Architecture diagrams
This topic includes diagrams illustrating the various elements of the network architecture in the customer’s cloud account into which Cloudera environments with Data Lakes, Cloudera Data Hub clusters, and data services will be launched.
Cloudera recommends that customers configure their cloud networks as described in this chapter and illustrated in the following diagrams. This will help onboarding Data Lakes, Cloudera Data Hub cluster, and data services smoothly. The following diagram illustrates the configuration for a fully private network that can be configured by the customer. This configuration can be provided by the Cloudera admins when they are setting up Cloudera environments and workloads which will get launched into this configuration.
Note the following points about this architecture:
- The configuration is a fully private network configuration - that is, the workloads are launched on nodes that do not have public IP addresses.
- Workloads connect to the Cloudera Control Plane over a fixed IP and port range.
- For users to be able to connect from the customer on-prem network to the Cloudera workloads in the private subnet, some network connectivity setup is required. In this case, a customer's network peered to Azure VNet via Azure VPN gateway is shown.
Some of the Cloudera data services are based on Azure AKS clusters. Azure’s AKS manages the Kubernetes control plane nodes while the worker nodes that make up the Cloudera workload cluster get provisioned in the customer’s VPC. The AKS control plane has an API endpoint for administrative purposes which is commonly referred to as API server address. The data service itself is accessible through a service endpoint ELB.

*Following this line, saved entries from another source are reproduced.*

lemma iterate_step_at_node:
  assumes pq: "q \<le> p" "p \<le> k" and j: "p + q + Suc j = 2 * k"
  defines "N \<equiv> ext_pow_op_minus_one r (jordan_block n (1::'a::comm_ring_1))"
    and "e \<equiv> \<lambda>S. of_bool (S = node k k) :: 'a"
  shows "(N ^^ Suc j) e (node p q) =
    (if p < k then (N ^^ j) e (node (Suc p) q) else 0) + (if q < p then (N ^^ j) e (node p (Suc q)) else 0)"
proof -
  define S1 where "S1 = (if p < k then {node (Suc p) q} else {})"
  define S2 where "S2 = (if q < p then {node p (Suc q)} else {})"
  have covers: "unit_covers n r (node p q) \<inter> nodes = S1 \<union> S2"
    unfolding S1_def S2_def by (rule unit_covers_node_inter_nodes[OF pq])
  have w: "weight r (node p q) + Suc j = weight r (node k k)"
    using weight_node[OF pq] weight_node[of k k] j by simp
  have "(N ^^ Suc j) e (node p q) = (\<Sum>V\<in>unit_covers n r (node p q). (N ^^ j) e V)"
    unfolding N_def e_def by (rule jordan_block_iterate_step[OF node_in_rsubsets[OF pq] w])
  also have "\<dots> = (\<Sum>V\<in>S1 \<union> S2. (N ^^ j) e V)"
  proof (rule sum.mono_neutral_right)
    show "finite (unit_covers n r (node p q))" unfolding unit_covers_def using finite_rsubsets by simp
    show "S1 \<union> S2 \<subseteq> unit_covers n r (node p q)" using covers by blast
    show "\<forall>V\<in>unit_covers n r (node p q) - (S1 \<union> S2). (N ^^ j) e V = 0"
    proof
      fix V assume V: "V \<in> unit_covers n r (node p q) - (S1 \<union> S2)"
      then have "V \<notin> nodes" using covers by blast
      moreover have "weight r V + j = weight r (node k k)" using V w unfolding unit_covers_def by simp
      ultimately show "(N ^^ j) e V = 0" unfolding N_def e_def by (rule iterate_vanish_off_nodes)
    qed
  qed
  also have "\<dots> = (\<Sum>V\<in>S1. (N ^^ j) e V) + (\<Sum>V\<in>S2. (N ^^ j) e V)"
  proof (rule sum.union_disjoint)
    show "S1 \<inter> S2 = {}" using node_inj[of q "Suc p" "Suc q" p] pq unfolding S1_def S2_def by auto
  qed (simp_all add: S1_def S2_def)
  finally show ?thesis unfolding S1_def S2_def by simp
qed

lemma iterate_at_node:
  assumes "q \<le> p" "p \<le> k" "p + q + j = 2 * k"
  shows "(ext_pow_op_minus_one r (jordan_block n (1::'a::comm_ring_1)) ^^ j) (\<lambda>S. of_bool (S = node k k)) (node p q)
    = of_nat (ballot (k - q) (k - p))"
  using assms
proof (induction j arbitrary: p q)
  case 0
  then have "p = k" "q = k" by auto
  then show ?case by simp
next
  case (Suc j)
  let ?N = "ext_pow_op_minus_one r (jordan_block n (1::'a))"
  let ?e = "\<lambda>S. of_bool (S = node k k) :: 'a"
  have "ballot (k - q) (k - p) = (if 0 < k - p then ballot (k - q) (k - p - 1) else 0) +
      (if k - p < k - q then ballot (k - q - 1) (k - p) else 0)"
    by (rule ballot_rec) (use Suc.prems in simp_all)
  then have "ballot (k - q) (k - p) =
      (if p < k then ballot (k - q) (k - Suc p) else 0) + (if q < p then ballot (k - Suc q) (k - p) else 0)"
    using Suc.prems(1,2) by (simp add: Suc_diff_Suc diff_less_mono2)
  moreover have "(?N ^^ j) ?e (node (Suc p) q) = of_nat (ballot (k - q) (k - Suc p))" if "p < k"
    using Suc.prems that by (intro Suc.IH) simp_all
  moreover have "(?N ^^ j) ?e (node p (Suc q)) = of_nat (ballot (k - Suc q) (k - p))" if "q < p"
    using Suc.prems that by (intro Suc.IH) simp_all
  ultimately show ?case unfolding iterate_step_at_node[OF Suc.prems] by simp
qed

This is illustrated in the following diagram:
As can be seen in the above diagram, Cloudera
workloads have dependencies on some Azure cloud services such as ADLS, Azure Postgres and so
on. A full list of these services, described in the context of each workload is specified in
Azure outbound network access destinations
.
In this example of a fully private deployment with an existing network of your own configuration, you must configure your own egress connectivity through a NAT gateway setup or user-defined routing. For more information see VNet and subnets and Azure Load Balancers in Data Lakes and Cloudera Data Hub clusters.
In the chapters that follow, we detail the elements of this architecture, including specifying the configuration and options in each of the components.